A pod restart policy determines how OKD responds when Containers in that pod exit.
The policy applies to all Containers in that pod.
-
Always
- Tries restarting a successfully exited Container on the pod continuously, with an exponential back-off delay (10s, 20s, 40s) capped at 5 minutes. The default is Always
.
-
OnFailure
- Tries restarting a failed Container on the pod with an exponential back-off delay (10s, 20s, 40s) capped at 5 minutes.
-
Never
- Does not try to restart exited or failed Containers on the pod. Pods immediately fail and exit.

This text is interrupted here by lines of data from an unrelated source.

lemma resid_mult_vector: "resid A *v y = y - proj A *v y"
  by (simp add: resid_def matrix_vector_mult_diff_rdistrib)

lemma resid_decomp: "y = resid A *v y + A *v (matrix_inv (transpose A ** A) *v (transpose A *v y))"
  by (simp add: resid_mult_vector proj_mult_vector)

lemma transpose_mult_resid: "transpose A *v (resid A *v y) = 0"
proof -
  have "transpose A *v (A *v (matrix_inv (transpose A ** A) *v (transpose A *v y)))
      = (transpose A ** A) *v (matrix_inv (transpose A ** A) *v (transpose A *v y))"
    by (metis matrix_vector_mul_assoc)
  then show ?thesis
    by (simp add: resid_mult_vector proj_mult_vector matrix_vector_mult_diff_distrib
        matrix_inv_cancel_right[OF gram])
qed

lemma proj_mult_range: "proj A *v (A *v u) = A *v u"
  unfolding proj_mult_vector
  by (simp add: matrix_vector_mul_assoc matrix_inv_left[OF gram])

lemma resid_mult_range: "resid A *v (A *v u) = 0"
  by (simp add: resid_mult_vector proj_mult_range)

lemma proj_mult_resid: "proj A *v (resid A *v y) = 0"
  by (simp add: proj_mult_vector transpose_mult_resid)

lemma inner_range_resid: "(A *v u) \<bullet> (resid A *v y) = 0"
  by (metis inner_transpose_matrix_vector transpose_mult_resid inner_zero_right)

lemma inner_resid: "x \<bullet> (resid A *v y) = (resid A *v x) \<bullet> (resid A *v y)"
proof -
  have "x \<bullet> (resid A *v y)
      = (resid A *v x + A *v (matrix_inv (transpose A ** A) *v (transpose A *v x))) \<bullet> (resid A *v y)"
    using resid_decomp by metis
  then show ?thesis by (simp add: inner_add_left inner_range_resid)
qed

lemma sym_matrix_resid: "sym_matrix (resid A)"
  unfolding sym_matrix_def by (metis inner_resid inner_commute)

lemma sym_matrix_proj: "sym_matrix (proj A)"
  using sym_matrix_resid unfolding sym_matrix_def
  by (simp add: resid_mult_vector inner_diff_left inner_diff_right inner_commute)

lemma quadratic_form_resid: "y \<bullet> (resid A *v y) = (norm (resid A *v y))\<^sup>2"
  using inner_resid[of y y] by (simp add: power2_norm_eq_inner)

lemma psd_matrix_resid: "psd_matrix (resid A)"
  unfolding psd_matrix_def by (simp add: quadratic_form_resid)

lemma resid_eq_0_imp_range: "resid A *v y = 0 \<Longrightarrow> \<exists>u. y = A *v u"
  using resid_decomp[of y] by auto

lemma resid_eq_if_normal:
  assumes "transpose A *v (y - A *v u) = 0"
  shows "resid A *v y = y - A *v u"
proof -
  have "transpose A *v y = (transpose A ** A) *v u"
    using assms by (simp add: matrix_vector_mult_diff_distrib matrix_vector_mul_assoc)
  then show ?thesis
    by (simp add: resid_mult_vector proj_mult_vector matrix_inv_cancel_left[OF gram])
qed

lemma least_squares_normal:
  "transpose A *v (y - A *v (matrix_inv (transpose A ** A) *v (transpose A *v y))) = 0"
  using transpose_mult_resid[of y] by (simp add: resid_mult_vector proj_mult_vector)

lemma least_squares_min:
  "(norm (y - A *v (matrix_inv (transpose A ** A) *v (transpose A *v y))))\<^sup>2 \<le> (norm (y - A *v b))\<^sup>2"
proof -
  define c where "c = matrix_inv (transpose A ** A) *v (transpose A *v y)"
  define r where "r = y - A *v c"
  have "y - A *v b = r + A *v (c - b)" by (simp add: r_def matrix_vector_mult_diff_distrib)
  then have "(norm (y - A *v b))\<^sup>2 = (norm r)\<^sup>2 + (norm (A *v (c - b)))\<^sup>2 + 2 * (r \<bullet> (A *v (c - b)))"
    by (simp add: power2_norm_eq_inner inner_add_left inner_add_right inner_commute)
  also have "r \<bullet> (A *v (c - b)) = 0"
    using least_squares_normal[of y] by (simp add: inner_matrix_vector_transpose r_def c_def)
  finally show ?thesis by (simp add: r_def c_def)
qed

lemma invertible_resid_congruence:
  assumes indep: "\<And>u w. Y *v u = A *v w \<Longrightarrow> u = 0"
  shows "invertible (transpose Y ** resid A ** Y)"
  unfolding invertible_iff_ker
proof (intro allI impI)
  fix u assume "(transpose Y ** resid A ** Y) *v u = 0"
  then have "u \<bullet> ((transpose Y ** resid A ** Y) *v u) = 0" by simp
  then have "resid A *v (Y *v u) = 0" by (simp add: bilinear_congruence quadratic_form_resid)
  then obtain w where "Y *v u = A *v w" using resid_eq_0_imp_range by blast
  then show "u = 0" by (rule indep)
qed

end

section \<open>Block matrices\<close>

definition join :: "real^'a \<Rightarrow> real^'b \<Rightarrow> real^('a::finite + 'b::finite)" where
  "join u w = (\<chi> j. case j of Inl a \<Rightarrow> u $ a | Inr b \<Rightarrow> w $ b)"

lemma lead_join [simp]: "lead (join u w) = u"
  by (simp add: lead_def join_def vec_eq_iff)

lemma trail_join [simp]: "trail (join u w) = w"
  by (simp add: trail_def join_def vec_eq_iff)

lemma lead_0 [simp]: "lead 0 = 0"
  by (simp add: lead_def vec_eq_iff)

lemma trail_0 [simp]: "trail 0 = 0"
  by (simp add: trail_def vec_eq_iff)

After the pod is bound to a node, the pod will never be bound to another node. This means that a controller is necessary in order for a pod to survive node failure:
Condition |
Controller Type |
Restart Policy |
Pods that are expected to terminate (such as batch computations) |
Job |
OnFailure or Never
|
Pods that are expected to not terminate (such as web servers) |
Replication controller |
Always .
|
Pods that must run one-per-machine |
Daemon set |
Any |
If a Container on a pod fails and the restart policy is set to OnFailure
, the pod stays on the node and the Container is restarted. If you do not want the Container to
restart, use a restart policy of Never
.
If an entire pod fails, OKD starts a new pod. Developers must address the possibility that applications might be restarted in a new pod. In particular,
applications must handle temporary files, locks, incomplete output, and so forth caused by previous runs.
|
Kubernetes architecture expects reliable endpoints from cloud providers. When a cloud provider is down, the kubelet prevents OKD from restarting.

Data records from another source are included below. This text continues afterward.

lemma cols_A_singleton: "cols_A {u} d = single_col u ` {1..d u}"
  unfolding single_col_def cols_A_def by (auto simp: PiE_def extensional_def fun_eq_iff image_iff)

lemma lawrence_step:
  assumes fV: "finite V" and CV: "C \<subseteq> Pow V" and u: "u \<notin> V" and du: "d u \<ge> 2"
    and IH: "A_pm1_refinable V C d \<longleftrightarrow> Q" "rigid_pair V C d"
  shows "(A_pm1_refinable (insert u V) (lawrence_cx V u C) d \<longleftrightarrow> Q \<and> d u = 2) \<and>
    rigid_pair (insert u V) (lawrence_cx V u C) d"
proof -
  interpret vertex_split V "{u}" d by unfold_locales (use fV u in auto)
  have t: "single_col u 1 \<in> cols_A {u} d" "single_col u 2 \<in> cols_A {u} d" "single_col u 1 \<noteq> single_col u 2"
    using du by (auto intro: single_col_in_cols_A simp: single_col_inj)
  have "A_pm1_refinable (V \<union> {u}) (lawrence_cx V u C) d \<longleftrightarrow> Q \<and> d u = 2"
  proof
    assume P': "A_pm1_refinable (V \<union> {u}) (lawrence_cx V u C) d"
    have "d u = 2"
    proof (rule ccontr)
      assume "d u \<noteq> 2"
      then have "single_col u 3 \<in> cols_A {u} d" "single_col u 1 \<noteq> single_col u 3" "single_col u 2 \<noteq> single_col u 3"
        using du by (auto intro: single_col_in_cols_A simp: single_col_inj)
      then show False using not_A_pm1_refinable_lawrence[OF CV refl t(1,2) _ t(3)] IH(2) P' by blast
    qed
    then show "Q \<and> d u = 2" using A_pm1_refinable_of_lawrence[OF CV refl t P'] IH(1) by blast
  next
    assume "Q \<and> d u = 2"
    moreover have "cols_A {u} d = {single_col u 1, single_col u 2}" if "d u = 2"
      unfolding cols_A_singleton that by (auto simp: numeral_2_eq_2 atLeastAtMostSuc_conv)
    ultimately show "A_pm1_refinable (V \<union> {u}) (lawrence_cx V u C) d"
      using A_pm1_refinable_lawrence_two_levels[OF CV refl _ t(3)] IH(1) by blast
  qed
  then show ?thesis using rigid_pair_lawrence[OF CV refl t IH(2)] by simp
qed

lemma obtained_pm1_refinable_iff:
  assumes "obtained m n V C W L" "m \<ge> 1" "n \<ge> 1" "\<forall>v\<in>V. d v \<ge> 2"
  shows "(A_pm1_refinable V C d \<longleftrightarrow> (\<forall>v\<in>W. d v = 2) \<and> (\<forall>v\<in>L. d v = 2)) \<and> rigid_pair V C d"
  using assms
proof (induction rule: obtained.induct)
  case (base A B)
  then show ?case using Dmn_base_case[OF base(3,1,2)] by simp
next
  case (cone V C W L U)
  interpret vertex_split V U d by unfold_locales (use obtained_complex_on[OF cone(1)] cone in auto)
  have "cols_A U d \<noteq> {}" using cols_A_nonempty[of U d] cone(8) by force
  then show ?case
    using A_pm1_refinable_cone_iff rigid_pair_cone obtained_complex_on[OF cone(1)] cone by simp
next
  case (ghost V C W L u)
  interpret vertex_split V "{u}" d by unfold_locales (use obtained_complex_on[OF ghost(1)] ghost in auto)
  have "cols_A {u} d \<noteq> {}" using cols_A_nonempty[of "{u}" d] ghost(6) by force
  then show ?case
    using A_pm1_refinable_ghost_iff rigid_pair_ghost obtained_complex_on[OF ghost(1)] ghost by simp
next
  case (lawrence V C W L u)
  have IH: "A_pm1_refinable V C d \<longleftrightarrow> (\<forall>v\<in>W. d v = 2) \<and> (\<forall>v\<in>L. d v = 2)" "rigid_pair V C d"
    using lawrence by simp_all
  have "finite V" "C \<subseteq> Pow V" using obtained_complex_on[OF lawrence(1)] by simp_all
  moreover have "d u \<ge> 2" using lawrence(6) by simp
  ultimately show ?case using lawrence_step[OF _ _ lawrence(2) _ IH] by auto
qed

theorem theorem7p10:
  fixes m n :: nat and V W L :: "'a set" and C :: "'a set set" and d :: "'a \<Rightarrow> nat"
  assumes "m \<ge> 1" and "n \<ge> 1"
    and "obtained m n V C W L"
    and "\<forall>v\<in>V. d v \<ge> 2"
  shows "A_unimodular V C d \<longleftrightarrow> (\<forall>v\<in>W. d v = 2) \<and> (\<forall>v\<in>L. d v = 2)"
proof -
  have "finite V" "C \<subseteq> Pow V" using obtained_complex_on[OF assms(3)] by simp_all
  then have "A_unimodular V C d \<longleftrightarrow> A_pm1_refinable V C d" by (rule A_unimodular_iff_pm1_refinable)
  then show ?thesis using obtained_pm1_refinable_iff[OF assms(3,1,2,4)] by simp
qed

end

If the underlying cloud provider endpoints are not reliable, do not install a cluster using cloud provider integration. Install the cluster as if it was in a no-cloud environment. It is not recommended to toggle cloud provider integration on or off in an installed cluster.
|
For details on how OKD uses restart policy with failed Containers, see
the Example States in the Kubernetes documentation.